Yes it was intentional, my thinking was that this is now a known device and its presence in the list means we've probed it in the past and don't need to do IO again to figure out whether it's geli or not. But in looking at the code, I now think I allocate the kdev and link it into a the list a bit too early... there are a couple places that can exit for errors that don't exactly mean "we know it's not geli" (malloc or IO errors, all not-very-likely). I'll update that for the next revision.

stand/geli/gelidev.c
130 ↗(On Diff #43562)

There's no particular reason to make it 64 bits, the compiler will sign-extend it as needed, it's the unsignedness of the 2nd arg that causes the problem. (Stumbling across this 64 vs 32 quirk in roundup/down2() makes me want to examine every use of them in the whole source base, and add a big warning comment where the macros are defined.)

ian updated this revision to Diff 44166.Jun 20 2018, 5:36 PM

Adapt to the move of stand/geli to stand/libsa/geli.

Make the struct at the start of a geli_devdesc be a disk_devdesc rather than a plain devdesc, and populate its fields by copying them from the underlying host provider. This should make it safe for any code that sees devdesc.d_type == DEVT_DISK and assuming that it can then treat the struct as a disk_devdesc.

Don't create a known_device instance until we've succesfully allocated an IO buffer and read the last sector of the host provider into it. This will prevent linking a known_device into the list making it appear we know for sure the device is not geli-encrypted when the real problem was memory allocation or IO error (all pretty unlikely, but this is more correct).

ian updated this revision to Diff 44819.Jul 3 2018, 5:46 PM
ian edited the test plan for this revision. (Show Details)

Update the diff to fix a couple bugs.

  • In geli_dev_strategy(), free iobuf (allocated in the function), not buf (passed in by the caller).
  • Make geli_havekey() return ENOENT on error instead of 1.
  • Fix error early-exit logic in geli_probe() to not dereference a null pointer and to not record the is/is-not geli status of a drive if probing the drive gets an IO error.

I get compile errors trying to build the latest

ian marked 4 inline comments as done.Jul 4 2018, 1:49 PM

I get compile errors trying to build the latest

I get compile errors trying to build the latest

The phab auto-build thing says it builds, and it builds for me.
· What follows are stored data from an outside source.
definition mp_embedding ::
    "'a::{metric_space, topological_ab_group_add} measure \<Rightarrow> ('a \<times> real) set \<Rightarrow> ('a \<times> real \<Rightarrow> 'a \<times> real) \<Rightarrow> bool" where
  "mp_embedding \<mu> D f \<longleftrightarrow> open D \<and> D \<subseteq> UNIV \<times> {0<..} \<and> f ` D \<subseteq> UNIV \<times> {0<..} \<and>
     continuous_on D f \<and> inj_on f D \<and>
     (\<forall>B. B \<in> sets (\<mu> \<Otimes>\<^sub>M lborel) \<longrightarrow> B \<subseteq> D \<longrightarrow>
        f ` B \<in> sets (\<mu> \<Otimes>\<^sub>M lborel) \<and>
        emeasure (\<mu> \<Otimes>\<^sub>M lborel) (f ` B) = emeasure (\<mu> \<Otimes>\<^sub>M lborel) B)"

text \<open>D_{n+1} = f^{-1}(D_n), indexed from 0 (Dn 0 = D_1 = D).\<close>
fun Dn :: "('b \<Rightarrow> 'b) \<Rightarrow> 'b set \<Rightarrow> nat \<Rightarrow> 'b set" where
  "Dn f D 0 = D"
| "Dn f D (Suc n) = D \<inter> f -` Dn f D n"

definition Dinf :: "('b \<Rightarrow> 'b) \<Rightarrow> 'b set \<Rightarrow> 'b set" where
  "Dinf f D = (\<Inter>n. Dn f D n)"

definition Uset :: "('a \<times> real \<Rightarrow> 'a \<times> real) \<Rightarrow> ('a \<times> real) set \<Rightarrow> ('a \<times> real) set" where
  "Uset f D = {x \<in> Dinf f D. limsup (\<lambda>n. ereal (snd ((f ^^ n) x))) = \<infinity>}"

end

theory Submission
  imports Defs
begin
lemma M_of_triple_mem_copies:
  assumes "t \<in> ordered_M_copies V E"
  shows "M_of_triple t \<in> copies graph_M (V, E)"
proof -
  obtain x y z where t: "t = ((x, y), z)" "x \<in> E" "y \<in> E" "x \<inter> y = {}" "z \<in> V" "z \<notin> x \<union> y"
    using assms by (auto simp: ordered_M_copies_def disjoint_edge_pairs_def)
  obtain a b c d where "x = {a, b}" "a \<noteq> b" "y = {c, d}" "c \<noteq> d"
    using obtain_edge t(2,3) by metis
  moreover from this t(4,6) have "distinct [a, b, c, d, z]" by auto
  ultimately have "({a, b, c, d, z}, {{a, b}, {c, d}}) \<in> copies graph_M (V, E)"
    unfolding mem_copies_M_iff using t(2,3,5) by blast
  moreover from \<open>x = {a, b}\<close> \<open>y = {c, d}\<close> have "M_of_triple t = ({a, b, c, d, z}, {{a, b}, {c, d}})"
    using t(1) by auto
  ultimately show ?thesis by simp
qed

lemma card_M_of_triple_fibre:
  assumes "C \<in> copies graph_M (V, E)"
  shows "card {t \<in> ordered_M_copies V E. M_of_triple t = C} = 2"
proof -
  obtain a b c d z where C: "distinct [a, b, c, d, z]" "C = ({a, b, c, d, z}, {{a, b}, {c, d}})"
    "{a, b} \<in> E" "{c, d} \<in> E" "z \<in> V"
    using assms by (cases C) (auto simp: mem_copies_M_iff)
  have "{t \<in> ordered_M_copies V E. M_of_triple t = C} = {(({a, b}, {c, d}), z), (({c, d}, {a, b}), z)}"
  proof (intro equalityI subsetI)
    fix t assume t_mem: "t \<in> {t \<in> ordered_M_copies V E. M_of_triple t = C}"
    obtain x y w where t_eq: "t = ((x, y), w)" by (metis prod.collapse)
    with t_mem have t: "t = ((x, y), w)" "w \<notin> x \<union> y" "insert w (x \<union> y) = {a, b, c, d, z}"
        "{x, y} = {{a, b}, {c, d}}"
      by (auto simp: ordered_M_copies_def C(2))
    then have "(x = {a, b} \<and> y = {c, d}) \<or> (x = {c, d} \<and> y = {a, b})"
      by (auto simp: doubleton_eq_iff)
    moreover from this have "w = z" using t(2,3) C(1) by auto
    ultimately show "t \<in> {(({a, b}, {c, d}), z), (({c, d}, {a, b}), z)}" using t(1) by auto
  qed (use C in \<open>auto simp: ordered_M_copies_def disjoint_edge_pairs_def insert_commute\<close>)
  moreover have "{a, b} \<noteq> {c, d}" using C(1) by (auto simp: doubleton_eq_iff)
  ultimately show ?thesis by simp
qed
lemma piecewise_le_tangent:
  fixes g h g' h' :: "real \<Rightarrow> real" and a c x m :: real
  assumes g: "\<And>y n. a \<le> y \<Longrightarrow> y \<le> c \<Longrightarrow> a < n \<Longrightarrow> n \<le> c \<Longrightarrow> g y \<le> g n + g' n * (y - n)"
    and h: "\<And>y n. c \<le> y \<Longrightarrow> c \<le> n \<Longrightarrow> h y \<le> h n + h' n * (y - n)"
    and gh: "g c = h c" and slope: "h' c \<le> g' c" and "a < c" and "a \<le> x" "a < m"
  shows "(if x \<le> c then g x else h x)
           \<le> (if m \<le> c then g m else h m) + (if m \<le> c then g' m else h' m) * (x - m)"
proof (cases "m \<le> c")
  case m: True
  show ?thesis
  proof (cases "x \<le> c")
    case False
    have "g' c \<le> g' m"
      using tangent_slope_antimono[of g c m g'] g[of c m] g[of m c] m \<open>a < c\<close> \<open>a < m\<close>
      by (cases "m = c") auto
    then have "g' c * (x - c) \<le> g' m * (x - c)" using False by (intro mult_right_mono) auto
    moreover have "h' c * (x - c) \<le> g' c * (x - c)" using False slope by (intro mult_right_mono) auto
    moreover have "h x \<le> h c + h' c * (x - c)" using h[of x c] False by simp
    moreover have "g c \<le> g m + g' m * (c - m)" using g[of c m] m \<open>a < c\<close> \<open>a < m\<close> by simp
    ultimately show ?thesis using m False gh by (simp add: algebra_simps)
  qed (use g m \<open>a \<le> x\<close> \<open>a < m\<close> in auto)
next
  case m: False
  show ?thesis
  proof (cases "x \<le> c")
    case True
    have "h' m \<le> h' c" using tangent_slope_antimono[of h m c h'] h[of c m] h[of m c] m by simp
    then have "h' c * (x - c) \<le> h' m * (x - c)" using True by (intro mult_right_mono_neg) auto
    moreover have "g' c * (x - c) \<le> h' c * (x - c)" using True slope by (intro mult_right_mono_neg) auto
    moreover have "g x \<le> g c + g' c * (x - c)" using g[of x c] True \<open>a \<le> x\<close> \<open>a < c\<close> by simp
    moreover have "h c \<le> h m + h' m * (c - m)" using h[of c m] m by simp
    ultimately show ?thesis using m True gh by (simp add: algebra_simps)
  qed (use h m in auto)
qed

abbreviation omega_unit :: "real \<Rightarrow> real \<Rightarrow> real" where
  "omega_unit \<mu> \<equiv> omega_mod 1 \<mu> 1"
(* Let $(h_n)_{n\ge1}$ be a sequence taking values in a finite set of maps of the form $h(z)=az+b$ with $a>0$ and $\operatorname{Re}(b)>0$; write $h_n(z)=a_nz+b_n$, and let $H_n=h_1\cdots h_n$. Then $(H_n)$ is of limit-disc type if and only if $\sum_{n=1}^\infty a_1a_2\cdots a_n<+\infty$. Furthermore, if $(H_n)$ is of limit-disc type and converges ideally to a point $q$, then $q\neq\infty$.
   Context: $\mathbb{K}$ is the open right half-plane $\{\operatorname{Re}z>0\}$; each $h_n$ maps $\mathbb{K}$ strictly inside itself. $(H_n)$ is of limit-disc type if $\bigcap_n H_n(\overline{\mathbb{K}})$ (closures in $\overline{\mathbb{C}}$) is a disc (of positive chordal radius), rather than a single point. Möbius maps act on $\mathbb{H}^3=\{(x,y,t):t>0\}$ via Poincaré extension, $j=(0,0,1)$; $(H_n)$ converges ideally to $q\in\overline{\mathbb{C}}$ if $H_n(j)\to q$ in the chordal metric. *)

theory Defs
  imports "HOL-Analysis.Analysis"
begin

text \<open>Extended complex plane: complex option, None = infinity.
  Closed upper half-space with boundary: points (z,t), t >= 0, plus infinity:
  (complex * real) option.  Chordal metric on R^3 u {infinity}.\<close>

fun chordal :: "(complex \<times> real) option \<Rightarrow> (complex \<times> real) option \<Rightarrow> real" where
  "chordal (Some (z, s)) (Some (w, t)) =
     2 * sqrt ((cmod (z - w))\<^sup>2 + (s - t)\<^sup>2) / sqrt ((1 + (cmod z)\<^sup>2 + s\<^sup>2) * (1 + (cmod w)\<^sup>2 + t\<^sup>2))"
| "chordal (Some (z, s)) None = 2 / sqrt (1 + (cmod z)\<^sup>2 + s\<^sup>2)"
| "chordal None (Some (w, t)) = 2 / sqrt (1 + (cmod w)\<^sup>2 + t\<^sup>2)"
| "chordal None None = 0"

definition emb_hat :: "complex option \<Rightarrow> (complex \<times> real) option" where
  "emb_hat = map_option (\<lambda>z. (z, 0))"

definition chordal_hat :: "complex option \<Rightarrow> complex option \<Rightarrow> real" where
  "chordal_hat p q = chordal (emb_hat p) (emb_hat q)"

definition aff_hat :: "real \<times> complex \<Rightarrow> complex option \<Rightarrow> complex option" where
  "aff_hat h = map_option (\<lambda>z. of_real (fst h) * z + snd h)"

definition poincare :: "real \<times> complex \<Rightarrow> complex \<times> real \<Rightarrow> complex \<times> real" where
  "poincare h p = (of_real (fst h) * fst p + snd h, \<bar>fst h\<bar> * snd p)"

primrec comp_upto :: "(nat \<Rightarrow> 'a \<Rightarrow> 'a) \<Rightarrow> nat \<Rightarrow> 'a \<Rightarrow> 'a" where
  "comp_upto f 0 = id"
| "comp_upto f (Suc n) = comp_upto f n \<circ> f (Suc n)"

definition Kbar :: "complex option set" where
  "Kbar = insert None (Some ` {z. Re z \<ge> 0})"

definition limit_disc_type :: "(nat \<Rightarrow> real \<times> complex) \<Rightarrow> bool" where
  "limit_disc_type h \<longleftrightarrow>
     (\<exists>c r. r > 0 \<and>
        (\<Inter>n\<in>{1..}. comp_upto (\<lambda>k. aff_hat (h k)) n ` Kbar) = {w. chordal_hat c w \<le> r})"

definition converges_ideally :: "(nat \<Rightarrow> real \<times> complex) \<Rightarrow> complex option \<Rightarrow> bool" where
  "converges_ideally h q \<longleftrightarrow>
     (\<lambda>n. chordal (Some (comp_upto (\<lambda>k. poincare (h k)) n (0, 1))) (emb_hat q)) \<longlonglongrightarrow> 0"

end

theory Submission
  imports Defs
begin

text \<open>The composition \<open>H\<^sub>n = h\<^sub>1 \<circ> \<dots> \<circ> h\<^sub>n\<close> is again affine, \<open>H\<^sub>n z = A\<^sub>n z + B\<^sub>n\<close> with
  \<open>A\<^sub>n = a\<^sub>1 \<cdots> a\<^sub>n\<close> and \<open>B\<^sub>n = (\<Sum>j<n. A\<^sub>j b\<^sub>j\<^sub>+\<^sub>1)\<close>, so \<open>H\<^sub>n\<close> maps the closed right
  half-plane onto the half-plane \<open>Re w \<ge> Re B\<^sub>n\<close> (together with \<open>\<infinity>\<close>). The nested
  intersection is therefore a half-plane, i.e. a chordal disc, exactly when \<open>Re B\<^sub>n\<close> stays
  bounded. Since the \<open>b\<^sub>k\<close> range over a finite subset of the open right half-plane, both
  \<open>Re B\<^sub>n\<close> and \<open>|B\<^sub>n|\<close> are comparable to \<open>\<Sum>j<n. A\<^sub>j\<close>, which gives the criterion. In the
  limit-disc case the Poincare extension maps \<open>j\<close> to the point \<open>(B\<^sub>n, A\<^sub>n)\<close>, which then stays
  bounded and so cannot tend to \<open>\<infinity>\<close>.\<close>

definition comp_scale :: "(nat \<Rightarrow> real \<times> complex) \<Rightarrow> nat \<Rightarrow> real" where
  "comp_scale h n = (\<Prod>k=1..n. fst (h k))"

definition comp_shift :: "(nat \<Rightarrow> real \<times> complex) \<Rightarrow> nat \<Rightarrow> complex" where
  "comp_shift h n = (\<Sum>j<n. of_real (comp_scale h j) * snd (h (Suc j)))"

lemma comp_scale_0 [simp]: "comp_scale h 0 = 1"
  by (simp add: comp_scale_def)

lemma comp_scale_Suc: "comp_scale h (Suc n) = comp_scale h n * fst (h (Suc n))"
  by (simp add: comp_scale_def)

lemma comp_shift_Suc:
  "comp_shift h (Suc n) = comp_shift h n + of_real (comp_scale h n) * snd (h (Suc n))"
  by (simp add: comp_shift_def)

lemma comp_scale_pos:
  assumes "\<forall>k\<ge>1. fst (h k) > 0"
  shows "comp_scale h n > 0"
  unfolding comp_scale_def using assms by (intro prod_pos) auto

lemma comp_upto_aff_hat:
  "comp_upto (\<lambda>k. aff_hat (h k)) n = aff_hat (comp_scale h n, comp_shift h n)"
proof (induction n)
  case 0
  show ?case by (simp add: aff_hat_def comp_shift_def option.map_ident)
next
  case (Suc n)
  show ?case
  proof
    fix x
    show "comp_upto (\<lambda>k. aff_hat (h k)) (Suc n) x = aff_hat (comp_scale h (Suc n), comp_shift h (Suc n)) x"
      using Suc by (cases x) (simp_all add: aff_hat_def comp_scale_Suc comp_shift_Suc algebra_simps)
  qed
qed

lemma comp_upto_poincare:
  "comp_upto (\<lambda>k. poincare (h k)) n = poincare (comp_scale h n, comp_shift h n)"
proof (induction n)
  case 0
  show ?case by (auto simp: poincare_def comp_shift_def)
next
  case (Suc n)
  show ?case
    by (rule ext) (simp add: Suc.IH, simp add: poincare_def comp_scale_Suc comp_shift_Suc algebra_simps abs_mult)
qed

lemma aff_hat_image_Kbar:
  assumes "A > 0"
  shows "aff_hat (A, B) ` Kbar = insert None (Some ` {w. Re B \<le> Re w})"
proof -
  have "Some w \<in> aff_hat (A, B) ` Kbar" if "Re B \<le> Re w" for w
  proof (rule image_eqI)
    show "Some ((w - B) / of_real A) \<in> Kbar"
      using that assms by (simp add: Kbar_def Re_divide_of_real)
    show "Some w = aff_hat (A, B) (Some ((w - B) / of_real A))"
      using assms by (simp add: aff_hat_def)
  qed
  moreover have "None \<in> aff_hat (A, B) ` Kbar"
    by (rule image_eqI[of _ _ None]) (simp_all add: Kbar_def aff_hat_def)
  moreover have "aff_hat (A, B) ` Kbar \<subseteq> insert None (Some ` {w. Re B \<le> Re w})"
    using assms by (auto simp: Kbar_def aff_hat_def)
  ultimately show ?thesis by blast
qed

text \<open>The closed half-plane \<open>Re w \<ge> \<beta>\<close> is the chordal disc centred at the real point \<open>\<gamma>\<close>
  whose boundary circle passes through \<open>\<infinity>\<close>; that condition, \<open>|\<gamma> - w|\<^sup>2 = 1 + |w|\<^sup>2\<close> on
  \<open>Re w = \<beta>\<close>, is the quadratic \<open>\<gamma>\<^sup>2 - 2\<beta>\<gamma> - 1 = 0\<close>.\<close>

lemma halfplane_eq_chordal_disc:
  fixes \<beta> :: real
  defines "\<gamma> \<equiv> \<beta> + sqrt (\<beta>\<^sup>2 + 1)"
  shows "insert None (Some ` {w. \<beta> \<le> Re w})
       = {w. chordal_hat (Some (of_real \<gamma>)) w \<le> 2 / sqrt (1 + \<gamma>\<^sup>2)}"
proof -
  have "sqrt (\<beta>\<^sup>2 + 1) > \<bar>\<beta>\<bar>"
    by (simp add: real_less_rsqrt)
  then have \<gamma>_pos: "\<gamma> > 0"
    unfolding \<gamma>_def by linarith
  have \<gamma>_root: "\<gamma>\<^sup>2 - 2 * \<beta> * \<gamma> - 1 = 0"
    unfolding \<gamma>_def by (simp add: power2_eq_square algebra_simps)
  have finite_points:
    "chordal_hat (Some (of_real \<gamma>)) (Some w) \<le> 2 / sqrt (1 + \<gamma>\<^sup>2) \<longleftrightarrow> \<beta> \<le> Re w" for w
  proof -
    have "chordal_hat (Some (of_real \<gamma>)) (Some w)
        = 2 * cmod (of_real \<gamma> - w) / (sqrt (1 + \<gamma>\<^sup>2) * sqrt (1 + (cmod w)\<^sup>2))"
      by (simp add: chordal_hat_def emb_hat_def real_sqrt_mult)
    also have "\<dots> \<le> 2 / sqrt (1 + \<gamma>\<^sup>2) \<longleftrightarrow> cmod (of_real \<gamma> - w) \<le> sqrt (1 + (cmod w)\<^sup>2)"
      using add_pos_nonneg[of 1 "\<gamma>\<^sup>2"] add_pos_nonneg[of 1 "(cmod w)\<^sup>2"]
      by (simp add: divide_simps mult.commute mult.left_commute)
    also have "\<dots> \<longleftrightarrow> (cmod (of_real \<gamma> - w))\<^sup>2 \<le> 1 + (cmod w)\<^sup>2"
      using real_le_rsqrt[of "cmod (of_real \<gamma> - w)"] sqrt_ge_absD[of "cmod (of_real \<gamma> - w)"] by auto
    also have "\<dots> \<longleftrightarrow> 2 * \<gamma> * \<beta> \<le> 2 * \<gamma> * Re w"
      using \<gamma>_root unfolding cmod_power2[of "of_real \<gamma> - w"] cmod_power2[of w]
      by (simp add: power2_eq_square algebra_simps)
    also have "\<dots> \<longleftrightarrow> \<beta> \<le> Re w"
      using \<gamma>_pos by simp
    finally show ?thesis .
  qed
  show ?thesis
  proof (rule set_eqI)
    fix x
    show "x \<in> insert None (Some ` {w. \<beta> \<le> Re w})
      \<longleftrightarrow> x \<in> {w. chordal_hat (Some (of_real \<gamma>)) w \<le> 2 / sqrt (1 + \<gamma>\<^sup>2)}"
      using finite_points by (cases x) (auto simp: chordal_hat_def emb_hat_def)
  qed
qed

lemma chordal_disc_has_finite_point:
  assumes "r > 0"
  obtains w where "chordal_hat c (Some w) \<le> r"
proof (cases c)
  case None
  define x where "x = 2 / r"
  have x_pos: "x > 0"
    using assms by (simp add: x_def)
  have "x \<le> sqrt (1 + x\<^sup>2)"
    by (rule real_le_rsqrt) simp
  then have "2 / sqrt (1 + x\<^sup>2) \<le> 2 / x"
    using x_pos by (intro divide_left_mono) (auto intro!: mult_pos_pos add_pos_nonneg)
  also have "\<dots> = r"
    using assms by (simp add: x_def)
  finally show ?thesis
    using None that[of "of_real x"] by (simp add: chordal_hat_def emb_hat_def)
next
  case (Some z)
  then show ?thesis
    using assms that[of z] by (simp add: chordal_hat_def emb_hat_def)
qed

lemma limit_disc_type_iff_bdd_above:
  assumes "\<forall>k\<ge>1. fst (h k) > 0"
  shows "limit_disc_type h \<longleftrightarrow> bdd_above ((\<lambda>n. Re (comp_shift h n)) ` {1..})"
proof -
  define I where "I = (\<Inter>n\<in>{1..}. comp_upto (\<lambda>k. aff_hat (h k)) n ` Kbar)"
  have I_eq: "I = insert None (Some ` {w. \<forall>n\<ge>1. Re (comp_shift h n) \<le> Re w})"
  proof (rule set_eqI)
    fix x
    show "x \<in> I \<longleftrightarrow> x \<in> insert None (Some ` {w. \<forall>n\<ge>1. Re (comp_shift h n) \<le> Re w})"
      unfolding I_def comp_upto_aff_hat aff_hat_image_Kbar[OF comp_scale_pos[OF assms]]
      by (cases x) auto
  qed
  show ?thesis
  proof
    assume "limit_disc_type h"
    then obtain c r where "r > 0" and I_disc: "I = {w. chordal_hat c w \<le> r}"
      unfolding limit_disc_type_def I_def by blast
    then obtain w where "Some w \<in> I"
      using chordal_disc_has_finite_point by blast
    then have "\<forall>n\<ge>1. Re (comp_shift h n) \<le> Re w"
      using I_eq by auto
    then show "bdd_above ((\<lambda>n. Re (comp_shift h n)) ` {1..})"
      by (intro bdd_aboveI2[of _ _ "Re w"]) auto
  next
    assume bdd: "bdd_above ((\<lambda>n. Re (comp_shift h n)) ` {1..})"
    define \<beta> where "\<beta> = (SUP n\<in>{1..}. Re (comp_shift h n))"
    have "{w. \<forall>n\<ge>1. Re (comp_shift h n) \<le> Re w} = {w. \<beta> \<le> Re w}"
      unfolding \<beta>_def using cSUP_le_iff[OF _ bdd] by auto
    then have "I = insert None (Some ` {w. \<beta> \<le> Re w})"
      using I_eq by simp
    also note halfplane_eq_chordal_disc[of \<beta>]
    finally show "limit_disc_type h"
      unfolding limit_disc_type_def I_def by (intro exI conjI[rotated]) (auto simp: add_pos_nonneg)
  qed
qed

lemma Re_comp_shift_ge:
  assumes "\<forall>k\<ge>1. fst (h k) > 0" and "\<forall>k\<ge>1. m \<le> Re (snd (h k))"
  shows "m * (\<Sum>j<n. comp_scale h j) \<le> Re (comp_shift h n)"
  unfolding comp_shift_def Re_sum sum_distrib_left
  using comp_scale_pos[OF assms(1)] assms(2)
  by (intro sum_mono) (simp add: mult.commute mult_left_mono less_imp_le)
If you get errors about .code16 in asm code, you need to update to the latest toolchain.

ian added a comment.Jul 13 2018, 4:41 PM

UEFI testing completed; this code now passes all the tests generated by tools/boot/rootgen.sh, and has also been tested on armv7 systems with ubldr. I think it is ready to commit.

imp accepted this revision.Jul 13 2018, 4:47 PM

let's get this in, modulo the one nit.

stand/libsa/geli/gelidev.c
324 ↗(On Diff #44819)

you should fix it.

This revision is now accepted and ready to land.Jul 13 2018, 4:47 PM
This revision was automatically updated to reflect the committed changes.